Through Their Eyes: Fixation-aligned Tuning for Personalized User Emulation
2026-04-10 • Multimedia
MultimediaComputer Vision and Pattern Recognition
AI summaryⓘ
The authors studied how language models that also see images (vision-language models) can better mimic real users looking at recommendation layouts by matching where users look on the screen. They found that people have unique and stable eye movement patterns that predict what they click on in a carousel-style recommendation. To use this, the authors created a method to adjust the model's attention to match each user's eye fixations, improving how well the model predicts clicks. Their experiments showed that guiding the model to 'look' like the user helps it better simulate real user behavior in recommendations.
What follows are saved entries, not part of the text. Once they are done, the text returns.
lemma continuous_on_joint: "continuous_on UNIV joint_cost" "continuous_on UNIV joint_mass"
proof -
  have reflect: "continuous_on UNIV (\<lambda>\<sigma>. f (- \<sigma>))" if "continuous_on UNIV f" for f :: "real \<Rightarrow> real"
    using continuous_on_compose2[OF that continuous_on_minus[OF continuous_on_id]] by simp
  show "continuous_on UNIV joint_cost" "continuous_on UNIV joint_mass"
    unfolding joint_cost_def joint_mass_def mass0_def massb_def
    by (intro continuous_on_add continuous_on_diff continuous_on_Fint reflect continuous_on_Gint
        continuous_on_integral_from_0 integrable_rho0 integrable_rhob_ub)+
qed

lemma strict_mono_joint_mass: "strict_mono joint_mass"
proof (rule strict_monoI)
  fix \<sigma> \<sigma>' :: real
  assume "\<sigma> < \<sigma>'"
  show "joint_mass \<sigma> < joint_mass \<sigma>'"
  proof (cases "0 < \<sigma>'")
    case True
    have "mass0 \<sigma> < mass0 \<sigma>'"
      using mass0_strict_mono[of "max \<sigma> 0" \<sigma>'] True \<open>\<sigma> < \<sigma>'\<close>
      by (cases "0 \<le> \<sigma>") (simp_all add: mass0_nonpos)
    moreover have "massb (-\<sigma>') \<le> massb (-\<sigma>)"
      using massb_strict_mono[of 0 "-\<sigma>"] True by (cases "\<sigma> < 0") (simp_all add: massb_nonpos)
    ultimately show ?thesis
      unfolding joint_mass_def by linarith
  next
    case False
    then show ?thesis
      using massb_strict_mono[of "-\<sigma>'" "-\<sigma>"] \<open>\<sigma> < \<sigma>'\<close>
      by (simp add: joint_mass_def mass0_nonpos)
  qed
qed

lemma Fint_strict_mono_beyond:
  assumes c: "max 0 (x + t0 * u0_bound) \<le> c" and "c < d"
  shows "Fint u0 rho0 c x t0 < Fint u0 rho0 d x t0"
proof -
  have *: "\<eta> - c \<le> t0 * u0 \<eta> + \<eta> - x \<and> 0 < rho0 \<eta>" if "c \<le> \<eta>" for \<eta>
  proof -
    have "- u0_bound \<le> u0 \<eta>"
      using abs_u0_le[of \<eta>] that c by auto
    then have "t0 * - u0_bound \<le> t0 * u0 \<eta>"
      using t0_pos by (intro mult_left_mono) auto
    then show ?thesis
      using data_pos(1)[of \<eta>] that c by auto
  qed
  show ?thesis
    unfolding Fint_def
  proof (rule integral_from_0_strict_mono[OF integrable_Fint_integrand _ \<open>c < d\<close>])
    show "0 \<le> c"
      using c by simp
    show "0 \<le> (t0 * u0 \<eta> + \<eta> - x) * rho0 \<eta>" if "\<eta> \<in> {c..d}" for \<eta>
      using *[of \<eta>] that by simp
    show "0 < (t0 * u0 \<eta> + \<eta> - x) * rho0 \<eta>" if "\<eta> \<in> {c<..<d}" for \<eta>
      using *[of \<eta>] that by simp
  qed
qed

lemma Gint_strict_mono_beyond:
  assumes "0 \<le> x" "t0 \<le> c" "c < d"
  shows "Gint ub rhob c x t0 < Gint ub rhob d x t0"
proof -
  have eq: "x - ub \<eta> * (t0 - \<eta>) = x + ub \<eta> * (\<eta> - t0)" for \<eta>
    by (simp add: algebra_simps)
  have *: "0 \<le> x - ub \<eta> * (t0 - \<eta>) \<and> 0 < rhob \<eta> * ub \<eta>" if "t0 \<le> \<eta>" for \<eta>
    using data_pos(2,3)[of \<eta>] that t0_pos \<open>0 \<le> x\<close> unfolding eq by simp
  have **: "0 < x - ub \<eta> * (t0 - \<eta>)" if "t0 < \<eta>" for \<eta>
    using data_pos(2)[of \<eta>] that t0_pos \<open>0 \<le> x\<close> unfolding eq by (simp add: add_nonneg_pos)
  show ?thesis
    unfolding Gint_def
  proof (rule integral_from_0_strict_mono[OF integrable_Gint_integrand _ \<open>c < d\<close>])
    show "0 \<le> c"
      using assms t0_pos by simp
    show "0 \<le> (x - ub \<eta> * (t0 - \<eta>)) * rhob \<eta> * ub \<eta>" if "\<eta> \<in> {c..d}" for \<eta>
      using *[of \<eta>] that assms by (simp add: mult.assoc)
    show "0 < (x - ub \<eta> * (t0 - \<eta>)) * rhob \<eta> * ub \<eta>" if "\<eta> \<in> {c<..<d}" for \<eta>
      using *[of \<eta>] **[of \<eta>] that assms by (simp add: mult.assoc)
  qed
qed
large language modelsvision-language modelsuser gaze patternseye-trackingrecommendation systemsattention alignmentsoft promptsclick predictioninterpretability operatorscarousel recommendation
Authors
Lingfeng Huang, Huizhong Guo, Tianjun Wei, Yingpeng Du, Zhu Sun
Abstract
Large language model (LLM) agents are increasingly deployed as scalable user simulators for recommender system evaluation. Yet existing simulators perceive recommendations through text or structured metadata rather than the visual interfaces real users browse-a critical gap, since attention over recommendation layouts is both visually driven and highly personalized. We investigate whether aligning a vision-language model's (VLM's) visual attention with user-specific gaze patterns can improve simulation fidelity. Analysis of a real-world eye-tracking dataset collected in a carousel-based recommendation setting reveals that users exhibit stable individual gaze patterns strongly predictive of click behavior. Building on this finding, we propose Fixation-Aligned Tuning for user Emulation (FixATE). Our approach first probes the VLM's internal visual attention via interpretability operators to obtain a slot-level relevance distribution comparable with human fixation, and then learns personalized soft prompts to steer the model's attention toward each user's characteristic fixation pattern. Experiments across three interpretability-based probing operators and two architecturally distinct VLM backbones demonstrate consistent improvements in both attention alignment and click prediction accuracy. These results suggest that making the model "see like the user" is a viable path toward simulators that more faithfully reproduce how users perceive and act in recommendation interfaces.